When my girls started school, I didn’t have a lot of fears about it. Both Emily and Caitlyn were social butterflies who had shown me that they would thrive and flourish in a school environment, and I was mostly worried about things like making sure they had the “cool” backpacks, lunchboxes, and clothes; I didn’t want them to be made fun of or shut out because they weren’t up on the latest trends. I look back now and shake my head at how shallow and silly those fears sound now, but to a parent without a special needs child, those are pretty much the norm.
By the time Sawyer started school in the fall of 2017, my fears had changed and grown exponentially. At the time Sawyer started preschool, he could only say about 6 or 7 words, and even those weren’t always clear to people who weren’t around him much. He would often meltdown over the smallest things, even occasionally hurting himself or others. He didn’t react well to change, and he had a lot of sensory aversions to certain fabrics, textures, and sounds.

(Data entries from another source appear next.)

lemma spin_structure_cohomologous_spin_of:
  assumes S: "spin_structure E rv R th \<phi>"
  obtains \<omega> where "kasteleyn E rv R \<omega>" "cohomologous E rv R (spin_of E R th \<omega>) \<phi>"
proof -
  obtain h where h: "\<And>v. norm (h v) = 1"
    and dh: "\<And>e k. e \<in> E \<Longrightarrow> h (Bl (ctgt rv R k e)) = h (Wh e) * (\<phi> (e, k) / phase R th (e, k))\<^sup>2"
    using spin_structure_ratio_potential[OF S] by blast
  define r where "r v = csqrt (h v)" for v
  have r: "norm (r v) = 1" "r v \<noteq> 0" "(r v)\<^sup>2 = h v" for v
    using h[of v] unfolding r_def by auto
  define z where "z e k = \<phi> (e, k) / phase R th (e, k) * r (Wh e) / r (Bl (ctgt rv R k e))" for e k
  have z: "z e k = 1 \<or> z e k = -1" if e: "e \<in> E" for e k
  proof -
    have "(z e k)\<^sup>2 = (\<phi> (e, k) / phase R th (e, k))\<^sup>2 * h (Wh e) / h (Bl (ctgt rv R k e))"
      unfolding z_def by (simp add: power_mult_distrib power_divide r)
    also have "\<dots> = 1" using dh[OF e, of k] h[of "Wh e"] h[of "Bl (ctgt rv R k e)"]
      by (auto simp: field_simps)
    finally show ?thesis by (simp add: power2_eq_1_iff)
  qed
  define \<omega> where "\<omega> = (\<lambda>(e, k). if e \<in> E then Re (z e k) else undefined)"
  have \<omega>z: "complex_of_real (\<omega> (e, k)) = z e k" if "e \<in> E" for e k
    using z[OF that, of k] that unfolding \<omega>_def by auto
  have signs: "\<forall>e\<in>E. \<forall>k. \<omega> (e, k) = 1 \<or> \<omega> (e, k) = -1"
    using z \<omega>z by (metis of_real_1 of_real_eq_iff of_real_minus)
  have coh: "cohomologous E rv R (spin_of E R th \<omega>) \<phi>"
    unfolding cohomologous_def
  proof (intro exI[of _ r] conjI allI ballI)
    show "norm (r v) = 1" for v by (rule r)
    show "\<phi> (e, k) = spin_of E R th \<omega> (e, k) * r (Bl (ctgt rv R k e)) / r (Wh e)" if e: "e \<in> E" for e k
    proof -
      have "spin_of E R th \<omega> (e, k) = phase R th (e, k) * z e k"
        using e \<omega>z[OF e, of k] by (simp add: spin_of_def)
      then show ?thesis
        using phase_nonzero[of R th e k] r(2)[of "Wh e"] r(2)[of "Bl (ctgt rv R k e)"]
        unfolding z_def by (simp add: field_simps)
    qed
  qed
  have "\<omega> \<in> extensional (E \<times> UNIV)" unfolding \<omega>_def extensional_def by auto
  from kasteleyn_if_cohomologous_spin_structure[OF signs this S coh] coh show thesis by (rule that)
qed

end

My fears morphed into things like:
- Will his teachers and peers be able to understand him?
- Will he be able to communicate if he needs help?
- Will he be able to tolerate sitting for long periods of time to learn new skills?
- Will he be able to make friends- or even interested in playing with the other kids?
- What happens if he has a meltdown and hurts himself or one of the other kids?
- What if he can’t handle it and they kick him out?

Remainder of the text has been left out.